# MATERIALS PROVIDED:
· · ·
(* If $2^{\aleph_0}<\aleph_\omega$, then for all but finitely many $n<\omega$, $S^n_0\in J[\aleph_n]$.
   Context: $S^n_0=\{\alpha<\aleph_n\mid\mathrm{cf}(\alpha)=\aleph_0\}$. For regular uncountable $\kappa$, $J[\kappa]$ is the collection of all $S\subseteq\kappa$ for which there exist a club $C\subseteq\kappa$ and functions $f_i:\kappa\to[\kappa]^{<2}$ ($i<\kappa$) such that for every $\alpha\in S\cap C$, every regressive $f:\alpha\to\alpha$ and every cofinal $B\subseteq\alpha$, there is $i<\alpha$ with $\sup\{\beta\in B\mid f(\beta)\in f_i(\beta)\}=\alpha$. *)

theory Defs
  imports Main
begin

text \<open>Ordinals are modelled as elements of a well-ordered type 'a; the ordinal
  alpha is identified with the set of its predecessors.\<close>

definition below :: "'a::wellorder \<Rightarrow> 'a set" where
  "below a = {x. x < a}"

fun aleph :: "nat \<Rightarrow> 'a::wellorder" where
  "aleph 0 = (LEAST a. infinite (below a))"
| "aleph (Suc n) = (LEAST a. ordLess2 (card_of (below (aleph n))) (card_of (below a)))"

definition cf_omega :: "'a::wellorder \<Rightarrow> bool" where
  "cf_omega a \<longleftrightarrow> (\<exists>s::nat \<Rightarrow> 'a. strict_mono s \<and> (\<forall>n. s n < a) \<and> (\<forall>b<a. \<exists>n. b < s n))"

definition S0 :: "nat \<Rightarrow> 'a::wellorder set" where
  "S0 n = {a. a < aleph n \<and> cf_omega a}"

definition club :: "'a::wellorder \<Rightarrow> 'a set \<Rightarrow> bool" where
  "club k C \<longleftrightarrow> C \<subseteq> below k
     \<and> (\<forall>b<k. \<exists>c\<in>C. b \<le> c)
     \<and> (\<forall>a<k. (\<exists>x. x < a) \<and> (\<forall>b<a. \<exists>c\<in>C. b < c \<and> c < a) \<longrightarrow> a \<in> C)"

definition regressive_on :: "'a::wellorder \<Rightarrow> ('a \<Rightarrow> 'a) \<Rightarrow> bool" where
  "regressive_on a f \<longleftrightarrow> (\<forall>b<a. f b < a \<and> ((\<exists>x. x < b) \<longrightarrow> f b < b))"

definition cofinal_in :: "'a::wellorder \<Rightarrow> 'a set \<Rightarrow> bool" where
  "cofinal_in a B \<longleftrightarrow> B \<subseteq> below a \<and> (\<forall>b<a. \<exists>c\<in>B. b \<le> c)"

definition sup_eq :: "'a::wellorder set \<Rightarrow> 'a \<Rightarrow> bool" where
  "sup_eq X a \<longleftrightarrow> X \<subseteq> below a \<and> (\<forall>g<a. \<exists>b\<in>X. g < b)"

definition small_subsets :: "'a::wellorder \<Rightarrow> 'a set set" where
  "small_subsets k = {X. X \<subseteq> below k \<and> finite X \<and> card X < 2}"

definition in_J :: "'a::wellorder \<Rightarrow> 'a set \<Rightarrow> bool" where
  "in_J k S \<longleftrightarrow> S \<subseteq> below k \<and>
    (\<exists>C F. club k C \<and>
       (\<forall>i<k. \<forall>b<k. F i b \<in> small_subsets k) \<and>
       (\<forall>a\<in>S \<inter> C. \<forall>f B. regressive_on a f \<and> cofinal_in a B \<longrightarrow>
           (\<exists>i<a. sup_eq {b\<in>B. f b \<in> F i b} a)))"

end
· · ·
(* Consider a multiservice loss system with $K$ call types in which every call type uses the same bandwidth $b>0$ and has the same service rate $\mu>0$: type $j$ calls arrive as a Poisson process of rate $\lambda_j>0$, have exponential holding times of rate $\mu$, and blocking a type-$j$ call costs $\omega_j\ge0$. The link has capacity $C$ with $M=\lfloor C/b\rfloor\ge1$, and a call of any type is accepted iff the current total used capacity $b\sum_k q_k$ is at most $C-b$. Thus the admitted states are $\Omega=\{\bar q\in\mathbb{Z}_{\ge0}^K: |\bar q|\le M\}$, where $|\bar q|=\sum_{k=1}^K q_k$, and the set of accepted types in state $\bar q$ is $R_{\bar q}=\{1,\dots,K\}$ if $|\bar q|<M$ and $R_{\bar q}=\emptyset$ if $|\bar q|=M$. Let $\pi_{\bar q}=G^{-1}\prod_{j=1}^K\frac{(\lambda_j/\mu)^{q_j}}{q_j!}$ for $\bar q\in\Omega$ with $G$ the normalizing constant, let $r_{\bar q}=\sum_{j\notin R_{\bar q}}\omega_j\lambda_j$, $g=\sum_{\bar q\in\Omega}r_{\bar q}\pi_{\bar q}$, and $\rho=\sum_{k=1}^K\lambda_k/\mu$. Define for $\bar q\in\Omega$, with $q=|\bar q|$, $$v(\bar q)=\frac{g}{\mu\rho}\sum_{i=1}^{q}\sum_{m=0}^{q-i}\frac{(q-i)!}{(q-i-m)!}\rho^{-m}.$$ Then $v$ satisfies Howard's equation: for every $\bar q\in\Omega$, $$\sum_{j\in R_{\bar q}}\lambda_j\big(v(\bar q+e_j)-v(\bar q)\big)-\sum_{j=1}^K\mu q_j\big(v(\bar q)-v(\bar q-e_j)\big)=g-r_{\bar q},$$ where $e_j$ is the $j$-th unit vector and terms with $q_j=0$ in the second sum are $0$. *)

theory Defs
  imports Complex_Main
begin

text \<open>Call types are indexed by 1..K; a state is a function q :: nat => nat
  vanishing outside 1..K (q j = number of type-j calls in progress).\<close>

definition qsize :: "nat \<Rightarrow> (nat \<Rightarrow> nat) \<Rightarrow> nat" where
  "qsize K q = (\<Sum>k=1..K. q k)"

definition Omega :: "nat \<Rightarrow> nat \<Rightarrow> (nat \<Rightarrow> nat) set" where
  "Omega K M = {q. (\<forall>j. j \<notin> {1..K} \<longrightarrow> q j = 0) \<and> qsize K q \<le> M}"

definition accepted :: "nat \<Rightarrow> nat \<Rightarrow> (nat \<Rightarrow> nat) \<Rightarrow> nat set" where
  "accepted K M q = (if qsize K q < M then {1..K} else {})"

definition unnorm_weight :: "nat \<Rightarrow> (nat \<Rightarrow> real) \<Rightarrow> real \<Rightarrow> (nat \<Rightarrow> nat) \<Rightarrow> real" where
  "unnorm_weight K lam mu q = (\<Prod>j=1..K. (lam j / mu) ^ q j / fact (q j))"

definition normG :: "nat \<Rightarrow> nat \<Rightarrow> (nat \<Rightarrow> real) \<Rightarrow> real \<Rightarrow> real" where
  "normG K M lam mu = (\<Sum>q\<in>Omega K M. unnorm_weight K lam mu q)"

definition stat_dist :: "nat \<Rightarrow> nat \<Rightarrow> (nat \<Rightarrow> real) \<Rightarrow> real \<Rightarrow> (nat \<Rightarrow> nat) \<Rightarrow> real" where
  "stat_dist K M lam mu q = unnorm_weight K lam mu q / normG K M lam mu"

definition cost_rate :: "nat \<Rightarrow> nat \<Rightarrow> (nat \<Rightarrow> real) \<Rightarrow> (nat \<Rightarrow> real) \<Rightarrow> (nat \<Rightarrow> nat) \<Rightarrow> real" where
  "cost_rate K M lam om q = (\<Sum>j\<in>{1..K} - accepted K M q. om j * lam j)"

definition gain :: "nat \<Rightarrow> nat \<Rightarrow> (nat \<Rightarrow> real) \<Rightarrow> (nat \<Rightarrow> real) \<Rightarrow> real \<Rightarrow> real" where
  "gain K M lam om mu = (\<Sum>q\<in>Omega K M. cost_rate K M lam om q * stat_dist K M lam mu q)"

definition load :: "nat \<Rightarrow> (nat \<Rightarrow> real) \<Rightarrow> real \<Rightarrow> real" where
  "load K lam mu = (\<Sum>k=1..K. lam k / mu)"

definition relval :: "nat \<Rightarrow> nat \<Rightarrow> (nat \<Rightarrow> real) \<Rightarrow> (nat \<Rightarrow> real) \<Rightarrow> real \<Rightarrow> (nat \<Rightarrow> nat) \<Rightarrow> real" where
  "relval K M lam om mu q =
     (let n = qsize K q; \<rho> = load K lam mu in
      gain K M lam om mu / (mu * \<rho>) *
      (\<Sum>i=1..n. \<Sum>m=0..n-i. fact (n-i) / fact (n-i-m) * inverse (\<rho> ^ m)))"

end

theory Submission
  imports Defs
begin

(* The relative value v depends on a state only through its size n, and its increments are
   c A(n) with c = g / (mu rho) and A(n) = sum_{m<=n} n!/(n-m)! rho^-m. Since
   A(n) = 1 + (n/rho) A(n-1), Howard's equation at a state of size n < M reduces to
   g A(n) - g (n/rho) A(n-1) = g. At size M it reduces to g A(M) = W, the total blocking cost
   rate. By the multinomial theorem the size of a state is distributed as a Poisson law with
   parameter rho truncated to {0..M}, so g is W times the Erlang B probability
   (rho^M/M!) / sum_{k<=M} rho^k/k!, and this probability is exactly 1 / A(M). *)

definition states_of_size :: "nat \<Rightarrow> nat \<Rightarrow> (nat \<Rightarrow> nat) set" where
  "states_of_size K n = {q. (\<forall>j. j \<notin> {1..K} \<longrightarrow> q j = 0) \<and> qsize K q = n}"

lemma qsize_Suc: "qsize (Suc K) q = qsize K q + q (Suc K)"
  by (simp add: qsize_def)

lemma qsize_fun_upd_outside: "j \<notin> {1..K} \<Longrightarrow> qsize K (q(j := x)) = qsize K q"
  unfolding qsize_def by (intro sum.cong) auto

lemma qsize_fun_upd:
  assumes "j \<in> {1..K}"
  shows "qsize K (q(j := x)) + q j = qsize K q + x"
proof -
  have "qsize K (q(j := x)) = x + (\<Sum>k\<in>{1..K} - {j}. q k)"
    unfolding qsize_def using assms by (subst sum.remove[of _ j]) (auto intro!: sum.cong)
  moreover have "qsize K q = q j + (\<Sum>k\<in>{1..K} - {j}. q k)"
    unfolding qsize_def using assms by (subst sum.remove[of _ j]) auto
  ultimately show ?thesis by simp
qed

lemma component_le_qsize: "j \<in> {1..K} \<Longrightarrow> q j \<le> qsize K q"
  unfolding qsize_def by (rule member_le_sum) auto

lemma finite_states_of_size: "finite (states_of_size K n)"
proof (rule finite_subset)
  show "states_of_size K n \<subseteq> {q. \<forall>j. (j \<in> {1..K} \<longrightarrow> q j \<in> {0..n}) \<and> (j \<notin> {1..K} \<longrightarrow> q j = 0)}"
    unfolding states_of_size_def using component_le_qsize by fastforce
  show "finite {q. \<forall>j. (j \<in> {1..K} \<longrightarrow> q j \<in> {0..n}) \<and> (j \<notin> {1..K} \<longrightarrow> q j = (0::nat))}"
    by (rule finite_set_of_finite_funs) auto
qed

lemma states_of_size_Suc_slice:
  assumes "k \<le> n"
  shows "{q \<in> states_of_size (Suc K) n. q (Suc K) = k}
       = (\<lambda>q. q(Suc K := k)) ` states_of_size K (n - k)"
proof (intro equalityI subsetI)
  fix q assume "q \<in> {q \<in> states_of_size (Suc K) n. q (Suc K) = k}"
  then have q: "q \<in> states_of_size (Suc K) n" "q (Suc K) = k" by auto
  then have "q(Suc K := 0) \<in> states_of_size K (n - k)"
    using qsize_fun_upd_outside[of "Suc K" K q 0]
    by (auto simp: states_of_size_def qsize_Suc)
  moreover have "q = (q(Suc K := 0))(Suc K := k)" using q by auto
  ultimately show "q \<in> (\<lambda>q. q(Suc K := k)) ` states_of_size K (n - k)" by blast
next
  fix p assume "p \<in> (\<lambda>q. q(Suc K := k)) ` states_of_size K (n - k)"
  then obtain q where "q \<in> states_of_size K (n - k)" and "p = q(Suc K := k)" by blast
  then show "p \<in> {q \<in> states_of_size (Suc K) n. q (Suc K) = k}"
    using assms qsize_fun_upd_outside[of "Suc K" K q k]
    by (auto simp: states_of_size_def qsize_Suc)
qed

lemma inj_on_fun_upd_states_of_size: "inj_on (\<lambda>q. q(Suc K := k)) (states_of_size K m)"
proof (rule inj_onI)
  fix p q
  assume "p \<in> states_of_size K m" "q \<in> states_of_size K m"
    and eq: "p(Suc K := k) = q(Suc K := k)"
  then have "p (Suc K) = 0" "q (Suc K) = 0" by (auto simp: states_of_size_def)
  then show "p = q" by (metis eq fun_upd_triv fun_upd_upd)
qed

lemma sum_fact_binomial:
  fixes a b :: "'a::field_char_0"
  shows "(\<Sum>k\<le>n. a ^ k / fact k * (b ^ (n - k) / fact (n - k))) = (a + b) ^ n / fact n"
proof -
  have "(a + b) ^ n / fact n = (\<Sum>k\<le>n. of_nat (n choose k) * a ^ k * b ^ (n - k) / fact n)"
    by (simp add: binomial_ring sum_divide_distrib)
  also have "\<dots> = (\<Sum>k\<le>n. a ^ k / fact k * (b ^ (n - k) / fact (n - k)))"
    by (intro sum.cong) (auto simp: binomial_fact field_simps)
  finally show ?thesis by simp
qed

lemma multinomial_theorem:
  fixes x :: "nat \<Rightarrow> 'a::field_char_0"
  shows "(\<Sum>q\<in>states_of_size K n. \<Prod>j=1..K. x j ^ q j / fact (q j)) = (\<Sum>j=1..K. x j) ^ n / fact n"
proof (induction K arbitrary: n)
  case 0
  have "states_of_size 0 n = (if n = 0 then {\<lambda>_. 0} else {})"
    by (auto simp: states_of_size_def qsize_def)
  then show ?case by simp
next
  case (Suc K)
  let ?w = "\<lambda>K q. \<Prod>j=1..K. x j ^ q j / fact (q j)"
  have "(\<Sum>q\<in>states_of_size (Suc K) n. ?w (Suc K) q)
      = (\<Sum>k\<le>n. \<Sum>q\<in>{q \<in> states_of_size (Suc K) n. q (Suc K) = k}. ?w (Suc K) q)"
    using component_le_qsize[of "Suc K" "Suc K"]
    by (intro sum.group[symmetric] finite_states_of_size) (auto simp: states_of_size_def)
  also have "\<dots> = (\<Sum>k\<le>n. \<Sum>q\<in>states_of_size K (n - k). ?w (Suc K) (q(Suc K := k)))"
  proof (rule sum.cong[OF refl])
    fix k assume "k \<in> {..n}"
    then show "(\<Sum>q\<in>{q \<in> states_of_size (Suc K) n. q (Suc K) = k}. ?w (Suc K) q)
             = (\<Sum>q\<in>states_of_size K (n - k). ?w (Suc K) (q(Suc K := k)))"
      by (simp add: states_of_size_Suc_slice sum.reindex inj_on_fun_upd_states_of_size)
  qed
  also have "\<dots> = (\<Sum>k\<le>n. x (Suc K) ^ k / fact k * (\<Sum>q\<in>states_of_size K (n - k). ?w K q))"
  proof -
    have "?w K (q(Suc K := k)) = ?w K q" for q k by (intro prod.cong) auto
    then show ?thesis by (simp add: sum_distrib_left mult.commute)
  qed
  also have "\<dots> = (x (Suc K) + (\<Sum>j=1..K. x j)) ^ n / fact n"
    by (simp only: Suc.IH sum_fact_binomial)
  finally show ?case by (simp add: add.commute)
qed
· · ·
# EXERCISE GOAL:
Using the listing above, pick out each line that contains the word "below", then copy it.

# REPLY:
definition below :: "'a::wellorder \<Rightarrow> 'a set" where
  "below a = {x. x < a}"
  "aleph 0 = (LEAST a. infinite (below a))"
| "aleph (Suc n) = (LEAST a. ordLess2 (card_of (below (aleph n))) (card_of (below a)))"
  "club k C \<longleftrightarrow> C \<subseteq> below k
  "cofinal_in a B \<longleftrightarrow> B \<subseteq> below a \<and> (\<forall>b<a. \<exists>c\<in>B. b \<le> c)"
  "sup_eq X a \<longleftrightarrow> X \<subseteq> below a \<and> (\<forall>g<a. \<exists>b\<in>X. g < b)"
  "small_subsets k = {X. X \<subseteq> below k \<and> finite X \<and> card X < 2}"
  "in_J k S \<longleftrightarrow> S \<subseteq> below k \<and>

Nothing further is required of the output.